Table 5: Top disease enrichment values for MASC and the human PSD datasets.
Supplementary Table S4 shows that community 1 using the Geodesic, Random Walk and Spectral algorithms is enriched for Schizophrenia (P=5.5 × 10-3, P=1.4 × 10-3 and P=4.0 × 10-3 respectively). Evidence linking Alzheimer’s disease with crosstalk between the ERK/ MAPK and PI3K/AKT signalling pathways through activation of AKT proteins (Akt1) has been observed [33]. Using the Spectral algorithm, we find further evidence supporting this observation, with enrichment for Alzheimer’s disease (P=4.3 × 10-2) in the MAPK/ERK signalling pathway cluster, community 5 in Figure 2(b).

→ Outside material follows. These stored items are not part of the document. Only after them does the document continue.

lemma t_chart_eq_mult: "t_chart n Aa \<xi> u = u * t_scale n Aa \<xi> u"
  unfolding t_chart_def t_scale_def by (simp add: sum_distrib_left algebra_simps)

lemma t_chart_0 [simp]: "t_chart n Aa \<xi> 0 = 0"
  by (simp add: t_chart_def)

lemma xdot_sq_eq_mu:
  assumes "\<And>i. i \<in> {1..n} \<Longrightarrow> u\<^sup>2 < Aa i"
  shows "xdot n Aa 1 \<xi> (u\<^sup>2) = mu n Aa \<xi> u / 2"
proof -
  have "xdot n Aa 1 \<xi> (u\<^sup>2) = xdot_formula n Aa 1 \<xi> (u\<^sup>2)"
    using assms by (rule xdot_eq_formula)
  also have "\<dots> = mu n Aa \<xi> u / 2"
    unfolding xdot_formula_def mu_def add_divide_distrib sum_divide_distrib
    by (simp add: divide_divide_eq_left algebra_simps)
  finally show ?thesis .
qed

lemma has_real_derivative_chart_term:
  fixes A c u :: real
  assumes "u\<^sup>2 < A" "0 < A"
  shows "((\<lambda>u. c * u / (A * sqrt (A - u\<^sup>2))) has_real_derivative c / ((A - u\<^sup>2) * sqrt (A - u\<^sup>2))) (at u)"
proof -
  have pos: "0 < A - u\<^sup>2" "0 < sqrt (A - u\<^sup>2)"
    using assms by auto
  have sq: "sqrt (A - u\<^sup>2) * sqrt (A - u\<^sup>2) = A - u\<^sup>2"
    using pos by simp
  have "((\<lambda>u. c * u / (A * sqrt (A - u\<^sup>2))) has_real_derivative
     (c * (A * sqrt (A - u\<^sup>2)) - c * u * (A * (inverse (sqrt (A - u\<^sup>2)) / 2 * (- (2 * u)))))
       / (A * sqrt (A - u\<^sup>2))\<^sup>2) (at u)"
    using assms pos by (auto intro!: derivative_eq_intros simp: power2_eq_square)
  moreover have "(c * (A * sqrt (A - u\<^sup>2)) - c * u * (A * (inverse (sqrt (A - u\<^sup>2)) / 2 * (- (2 * u)))))
       / (A * sqrt (A - u\<^sup>2))\<^sup>2 = c / ((A - u\<^sup>2) * sqrt (A - u\<^sup>2))"
    using assms pos sq by (simp add: field_simps power2_eq_square)
  ultimately show ?thesis
    by (rule DERIV_cong)
qed

lemma has_real_derivative_t_chart:
  assumes "\<And>i. i \<in> {1..n} \<Longrightarrow> u\<^sup>2 < Aa i \<and> 0 < Aa i"
  shows "(t_chart n Aa \<xi> has_real_derivative mu n Aa \<xi> u) (at u)"
proof -
  have "((\<lambda>u. \<Sum>i\<in>{1..n}. \<xi> i * u / (Aa i * sqrt (Aa i - u\<^sup>2))) has_real_derivative
      (\<Sum>i\<in>{1..n}. \<xi> i / ((Aa i - u\<^sup>2) * sqrt (Aa i - u\<^sup>2)))) (at u)"
    using assms by (intro DERIV_sum has_real_derivative_chart_term) auto
  then show ?thesis
    unfolding t_chart_def mu_def using DERIV_add[OF DERIV_ident] by blast
qed
lemma exchange_tight:
  assumes fin: "finite E" and reg: "\<And>i. i \<in> E \<Longrightarrow> regular (C i)"
    and u: "u \<in> base_set E f k" and v: "v \<in> base_set E f (Suc k)"
    and e: "e \<in> E" "u e < v e" and e': "e' \<in> E" "e' \<noteq> e" "v e' < u e'"
    and tight_u: "\<And>U. tight E f u U \<Longrightarrow> e \<in> U \<Longrightarrow> e' \<in> U"
    and tight_v: "\<And>U. tight E f v U \<Longrightarrow> e' \<in> U \<Longrightarrow> e \<in> U"
  shows "v(e' := v e' + 1, e := v e - 1) \<in> base_set E f (Suc k)"
    and "u(e := u e + 1, e' := u e' - 1) \<in> base_set E f k"
    and "total_cost E C t (v(e' := v e' + 1, e := v e - 1))
           + total_cost E C t (u(e := u e + 1, e' := u e' - 1))
         \<le> total_cost E C t u + total_cost E C t v"
    and "l1_dist E u (v(e' := v e' + 1, e := v e - 1)) < l1_dist E u v"
    and "l1_dist E v (u(e := u e + 1, e' := u e' - 1)) < l1_dist E v u"
proof -
  let ?a = "v(e' := v e' + 1, e := v e - 1)" and ?b = "u(e := u e + 1, e' := u e' - 1)"
  have uP: "u \<in> polytope E f" "sum u E = k" and vP: "v \<in> polytope E f" "sum v E = Suc k"
    using u v unfolding base_set_iff by auto
  show "?a \<in> base_set E f (Suc k)"
    using polytope_transfer[OF vP(1) fin e'(1) e'(2)] e(2) tight_v vP(2)
    unfolding base_set_iff by simp
  show "?b \<in> base_set E f k"
    using polytope_transfer[OF uP(1) fin e(1) e'(2)[symmetric]] e'(3) tight_u uP(2)
    unfolding base_set_iff by simp
  have "total_cost E C t ?a
      = total_cost E C t v + marg (C e') (v e' + 1) (t e') - marg (C e) (v e) (t e)"
    using total_cost_increment[OF fin e'(1), of C t v]
      total_cost_decrement[OF fin e(1), of C t "v(e' := v e' + 1)"] e'(2) by simp
  moreover have "total_cost E C t ?b
      = total_cost E C t u + marg (C e) (u e + 1) (t e) - marg (C e') (u e') (t e')"
    using total_cost_increment[OF fin e(1), of C t u]
      total_cost_decrement[OF fin e'(1), of C t "u(e := u e + 1)"] e'(2) by simp
  moreover have "marg (C e) (u e + 1) (t e) \<le> marg (C e) (v e) (t e)"
    using marg_mono[OF reg[OF e(1)]] e(2) by simp
  moreover have "marg (C e') (v e' + 1) (t e') \<le> marg (C e') (u e') (t e')"
    using marg_mono[OF reg[OF e'(1)]] e'(3) by simp
  ultimately show "total_cost E C t ?a + total_cost E C t ?b \<le> total_cost E C t u + total_cost E C t v"
    by simp
  show "l1_dist E u ?a < l1_dist E u v"
    using l1_dist_increment_toward[OF fin e'(1), of v u] e'(3)
      l1_dist_decrement_toward[OF fin e(1), of u "v(e' := v e' + 1)"] e(2) e'(2) by simp
  show "l1_dist E v ?b < l1_dist E v u"
    using l1_dist_increment_toward[OF fin e(1), of u v] e(2)
      l1_dist_decrement_toward[OF fin e'(1), of v "u(e := u e + 1)"] e'(2,3) by simp
qed
(* Let $n \ge 3$. For $n$-simplices in $\mathbb{E}^n$ with vertices labeled $1,\dots,n+1$, let $E = (l_e)_e$ be the vector of the $n(n+1)/2$ edge lengths (indexed by the $2$-element subsets $e$ of $\{1,\dots,n+1\}$) and let $F = (V_S)_S$ be the vector of the $n(n+1)/2$ $(n-2)$-dimensional volumes of the $(n-2)$-dimensional faces (indexed by the $(n-1)$-element subsets $S$ of $\{1,\dots,n+1\}$), regarded as a function of $E$. Let $p_1$ be the edge-length vector of the regular simplex with all edge lengths equal to $1$, and let $J(p_1) = \partial F/\partial E$ be the Jacobian matrix at $p_1$. Let $M$ be the matrix with rows indexed by the $(n-1)$-subsets $S$ and columns indexed by the $2$-subsets $e$, with $M_{S,e} = 1$ if $e \subset S$ (i.e. the edge $e$ is an edge of the face $S$) and $M_{S,e} = 0$ otherwise. Then there is a constant $c \neq 0$ such that $J(p_1) = c\,M$.
   Context: An $n$-simplex in $\mathbb{E}^n$ is determined up to congruence by its edge lengths, so the face volumes are functions of the edge lengths near $p_1$. *)

theory Defs
  imports "HOL-Analysis.Analysis"
begin

text \<open>Vertices are labelled 1..n+1; a configuration is a map from labels to points of
  Euclidean space real^'n, where n = CARD('n).\<close>

definition simplex_edges :: "nat \<Rightarrow> nat set set" where
  "simplex_edges n = {e. e \<subseteq> {1..n+1} \<and> card e = 2}"

definition simplex_faces :: "nat \<Rightarrow> nat set set" where
  "simplex_faces n = {S. S \<subseteq> {1..n+1} \<and> card S = n - 1}"

definition is_simplex :: "(nat \<Rightarrow> real^'n) \<Rightarrow> bool" where
  "is_simplex x \<longleftrightarrow> inj_on x {1..CARD('n)+1} \<and>
     \<not> affine_dependent (x ` {1..CARD('n)+1})"

definition edge_lengths :: "(nat \<Rightarrow> real^'n) \<Rightarrow> nat set \<Rightarrow> real" where
  "edge_lengths x e =
     (if e \<in> simplex_edges CARD('n) then dist (x (Min e)) (x (Max e)) else 0)"

text \<open>Gram determinant of the edge vectors of the face S emanating from its smallest vertex
  (Leibniz expansion of the determinant over the index set S - {Min S}).\<close>
definition face_gram_det :: "(nat \<Rightarrow> 'a::real_inner) \<Rightarrow> nat set \<Rightarrow> real" where
  "face_gram_det x S =
     (let a = Min S; T = S - {a} in
      \<Sum>p | p permutes T. of_int (sign p) *
         (\<Prod>i\<in>T. (x i - x a) \<bullet> (x (p i) - x a)))"

definition face_volume :: "(nat \<Rightarrow> 'a::real_inner) \<Rightarrow> nat set \<Rightarrow> real" where
  "face_volume x S = sqrt (face_gram_det x S) / fact (card S - 1)"

text \<open>F as a function of the edge-length vector E: the (n-2)-face volumes of an n-simplex
  in E^n with edge lengths E (well defined up to congruence; arbitrary if E is not realisable).\<close>
definition face_volumes_of_edges :: "'n::finite itself \<Rightarrow> (nat set \<Rightarrow> real) \<Rightarrow> nat set \<Rightarrow> real" where
  "face_volumes_of_edges _ E S =
     face_volume (SOME x :: nat \<Rightarrow> real^'n. is_simplex x \<and> edge_lengths x = E) S"

definition regular_edges :: "nat \<Rightarrow> nat set \<Rightarrow> real" where
  "regular_edges n e = (if e \<in> simplex_edges n then 1 else 0)"

definition edge_unit :: "nat set \<Rightarrow> nat set \<Rightarrow> real" where
  "edge_unit e = (\<lambda>e'. if e' = e then 1 else 0)"

definition incidence :: "nat set \<Rightarrow> nat set \<Rightarrow> real" where
  "incidence S e = (if e \<subseteq> S then 1 else 0)"

end

theory Submission
  imports Defs
begin

text \<open>
  Let S be a face and a its smallest vertex. By the law of cosines the Gram matrix of the edge
  vectors of S at a is a polynomial in the squared edge lengths. At the unit regular simplex it
  is (I + J)/2, whose determinant is (m + 1)/2^m and whose adjugate is proportional to
  (m + 1) I - J. Lengthening the edge e moves the Gram matrix in a direction H, so by Jacobi's
  formula the derivative of the Gram determinant is proportional to (m + 1) tr H - \<Sigma> H, which
  works out to be the incidence [e \<subseteq> S]; the square root and the factor 1/m! only change the
  constant. Since face volumes are defined through a realizing simplex, one also needs the
  perturbed edge lengths to be realizable near t = 0: a bipyramid over a regular simplex of
  dimension n - 2 does this explicitly.
\<close>

section \<open>Leibniz determinants over finite index sets\<close>

definition det_on :: "'a set \<Rightarrow> ('a \<Rightarrow> 'a \<Rightarrow> real) \<Rightarrow> real" where
  "det_on T g = (\<Sum>p | p permutes T. of_int (sign p) * (\<Prod>i\<in>T. g i (p i)))"

lemma det_on_cong:
  assumes "\<And>i j. i \<in> T \<Longrightarrow> j \<in> T \<Longrightarrow> g i j = g' i j"
  shows "det_on T g = det_on T g'"
  unfolding det_on_def
  by (intro sum.cong refl arg_cong2[where f="(*)"] prod.cong) (auto intro!: assms simp: permutes_in_image)

lemma det_on_upd_row_cong:
  assumes "\<And>j. j \<in> T \<Longrightarrow> r j = r' j"
  shows "det_on T (g(k := r)) = det_on T (g(k := r'))"
  by (rule det_on_cong) (simp add: assms)

lemma det_on_upd_row_expand:
  assumes "finite T" "k \<in> T"
  shows "det_on T (g(k := r)) =
    (\<Sum>p | p permutes T. of_int (sign p) * (r (p k) * (\<Prod>i\<in>T-{k}. g i (p i))))"
  unfolding det_on_def
  by (intro sum.cong refl arg_cong2[where f="(*)"]) (simp add: prod.remove[OF assms])

lemma det_on_upd_row_scale:
  assumes "finite T" "k \<in> T"
  shows "det_on T (g(k := (\<lambda>j. c * r j))) = c * det_on T (g(k := r))"
  unfolding det_on_upd_row_expand[OF assms] sum_distrib_left
  by (intro sum.cong refl) (simp add: algebra_simps)

lemma det_on_upd_row_add:
  assumes "finite T" "k \<in> T"
  shows "det_on T (g(k := (\<lambda>j. r j + r' j))) = det_on T (g(k := r)) + det_on T (g(k := r'))"
  unfolding det_on_upd_row_expand[OF assms] sum.distrib[symmetric]
  by (intro sum.cong refl) (simp add: algebra_simps)

lemma det_on_upd_row_sum:
  assumes "finite T" "k \<in> T" "finite A"
  shows "det_on T (g(k := (\<lambda>j. \<Sum>l\<in>A. f l j))) = (\<Sum>l\<in>A. det_on T (g(k := f l)))"
  using assms(3)
proof (induction A rule: finite_induct)
  case empty
  show ?case
    using det_on_upd_row_scale[OF assms(1,2), of g 0 "\<lambda>_. 0"] by (simp only: sum.empty mult_zero_left)
next
  case (insert l A)
  then show ?case
    by (simp only: sum.insert[OF insert.hyps] det_on_upd_row_add[OF assms(1,2)] insert.IH)
qed

lemma det_on_upd_row_unit_expand:
  assumes "finite T" "k \<in> T"
  shows "det_on T (g(k := r)) = (\<Sum>l\<in>T. r l * det_on T (g(k := (\<lambda>j. of_bool (j = l)))))"
proof -
  have "det_on T (g(k := r)) = det_on T (g(k := (\<lambda>j. \<Sum>l\<in>T. r l * of_bool (j = l))))"
  proof (rule det_on_upd_row_cong)
    fix j assume "j \<in> T"
    then have "T \<inter> {l. j = l} = {j}"
      by auto
    then show "r j = (\<Sum>l\<in>T. r l * of_bool (j = l))"
      using assms(1) by simp
  qed
  also have "\<dots> = (\<Sum>l\<in>T. r l * det_on T (g(k := (\<lambda>j. of_bool (j = l)))))"
    by (simp only: det_on_upd_row_sum[OF assms assms(1)] det_on_upd_row_scale[OF assms])
  finally show ?thesis .
qed

lemma det_on_upd_row_repeated:
  assumes T: "finite T" and k: "k \<in> T" and l: "l \<in> T" and "k \<noteq> l"
  shows "det_on T (g(k := g l)) = 0"
proof -
  let ?t = "Transposition.transpose k l"
  let ?f = "\<lambda>p. of_int (sign p) * (g l (p k) * (\<Prod>i\<in>T-{k}. g i (p i)))"
  have split: "T - {k} = insert l (T - {k, l})"
    using l \<open>k \<noteq> l\<close> by auto
  have swap: "?f (p \<circ> ?t) = - ?f p" if p: "p permutes T" for p
  proof -
    have "sign (p \<circ> ?t) = - sign p"
      using sign_compose[OF permutes_imp_permutation[OF T p] permutation_swap_id, of k l]
        sign_swap_id[of k l] \<open>k \<noteq> l\<close> by simp
    moreover have "(\<Prod>i\<in>T-{k,l}. g i ((p \<circ> ?t) i)) = (\<Prod>i\<in>T-{k,l}. g i (p i))"
      by (intro prod.cong refl) simp
    ultimately show ?thesis
      using T by (simp add: split)
  qed
  have "sum ?f {p. p permutes T} = sum (\<lambda>p. ?f (p \<circ> ?t)) {p. p permutes T}"
    by (rule sum_permutations_compose_right[OF permutes_swap_id[OF k l]])
  also have "\<dots> = - sum ?f {p. p permutes T}"
    by (subst sum_negf[symmetric], intro sum.cong refl) (rule swap, simp)
  finally have "sum ?f {p. p permutes T} = 0"
    by simp
  then show ?thesis
    by (simp add: det_on_upd_row_expand[OF T k])
qed

lemma det_on_upd_row_unit_diag:
  assumes "finite T" "k \<in> T"
  shows "det_on T (g(k := (\<lambda>j. of_bool (j = k)))) = det_on (T - {k}) g"
proof -
  have fix_k: "{p. p permutes T} \<inter> {p. p k = k} = {p. p permutes (T - {k})}"
    by (auto simp: permutes_def)
  have "det_on T (g(k := (\<lambda>j. of_bool (j = k)))) =
      (\<Sum>p | p permutes T. of_bool (p k = k) * (of_int (sign p) * (\<Prod>i\<in>T-{k}. g i (p i))))"
    by (simp add: det_on_upd_row_expand[OF assms] mult.left_commute)
  also have "\<dots> = det_on (T - {k}) g"
    using finite_permutations[OF assms(1)] by (simp only: sum_of_bool_mult_eq fix_k det_on_def)
  finally show ?thesis .
qed

lemma has_real_derivative_det_on_perturb:
  assumes "finite T" and phi: "(\<phi> has_real_derivative \<phi>') (at 0)" and "\<phi> 0 = 0"
  shows "((\<lambda>t. det_on T (\<lambda>i j. a i j + \<phi> t * b i j)) has_real_derivative
            \<phi>' * (\<Sum>k\<in>T. det_on T (a(k := b k)))) (at 0)"
proof -
  have "((\<lambda>t. \<Prod>i\<in>T. a i (p i) + \<phi> t * b i (p i)) has_real_derivative
        (\<Sum>k\<in>T. \<phi>' * b k (p k) * (\<Prod>i\<in>T-{k}. a i (p i)))) (at 0)" for p
  proof -
    have "((\<lambda>t. a i (p i) + \<phi> t * b i (p i)) has_real_derivative \<phi>' * b i (p i)) (at 0)" for i
      by (auto intro!: derivative_eq_intros phi)
    from has_field_derivative_prod[OF this] show ?thesis
      by (simp add: \<open>\<phi> 0 = 0\<close>)
  qed
  hence "((\<lambda>t. det_on T (\<lambda>i j. a i j + \<phi> t * b i j)) has_real_derivative
     (\<Sum>p | p permutes T. of_int (sign p) * (\<Sum>k\<in>T. \<phi>' * b k (p k) * (\<Prod>i\<in>T-{k}. a i (p i))))) (at 0)"
    unfolding det_on_def by (intro DERIV_sum DERIV_cmult)
  also have "(\<Sum>p | p permutes T. of_int (sign p) * (\<Sum>k\<in>T. \<phi>' * b k (p k) * (\<Prod>i\<in>T-{k}. a i (p i))))
     = \<phi>' * (\<Sum>k\<in>T. det_on T (a(k := b k)))"
    unfolding sum_distrib_left
    by (subst sum.swap) (intro sum.cong refl, simp add: det_on_upd_row_expand[OF \<open>finite T\<close>] sum_distrib_left algebra_simps)
  finally show ?thesis .
qed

Typical community robustness values for the MASC network in our studies were found to range from 0.4 to 1.0, and from 0.26 to 1.0 for protein robustness. We used Cytoscape [7] to visualise the robustness information for the Geodesic (A), Random Walk (B) and Spectral Modularity (C) algorithms, as shown in Supplementary Figure S1. The robustness of each community is shown by the opacity of the community’s colour; the more opaque a community’s colour, the more confidence we have in it existing. The robustness of proteins inside the community is shown by the nodes size; bigger the node size, the more confidence we have in the protein existing within the community. In Supplementary Figure S1 we see the inter-connected nature of the enriched communities 1 and 2, and MAPK/ERK signalling pathway community 4 (community 5 for the Spectral Modularity algorithm). The large community 3 (communities 3 and 4 for the Spectral Modularity algorithm) is less robust. It is influenced by changes in the network structure, supporting its central role connecting communities in the network.
Human PSD network
Scalability of the suite’s performance to extract functional and disease enrichment was tested on the larger human PSD network. In a similar approach to that carried out on the MASC complex, we made use of the topOnto package to extract gene-disease annotation data from the OMIM, GeneRIF and Ensembl variation databases. The original study of the human PSD dataset was shown to exhibit a high density of neural disease enrichment [9]; reporting 269 diseases associated with 199 genes obtained using the OMIM database. A comparison of frequency of hits between the top 5 diseases in the original study and using the OMIM database with the topOnto package shows comparable results, see Supplementary Table S5. We extended the study to find enrichment for our diseases of interest in the PSD dataset, using the more populated OMIM/GeneRIF/Ensembl variation gene-disease annotation data and full HDO tree as shown in Table 5. We found the human PSD dataset significantly enriched for Schizophrenia and Alzheimer’s disease (P=1.0 × 10-30 and P=1.3 × 10-23 respectively), this remained true using the our clipped HDO ontology’s: P=6.6 × 10-24 and P=2.7 × 10-5 for Schizophrenia and Alzheimer’s disease respectively using the Neurological clipped tree.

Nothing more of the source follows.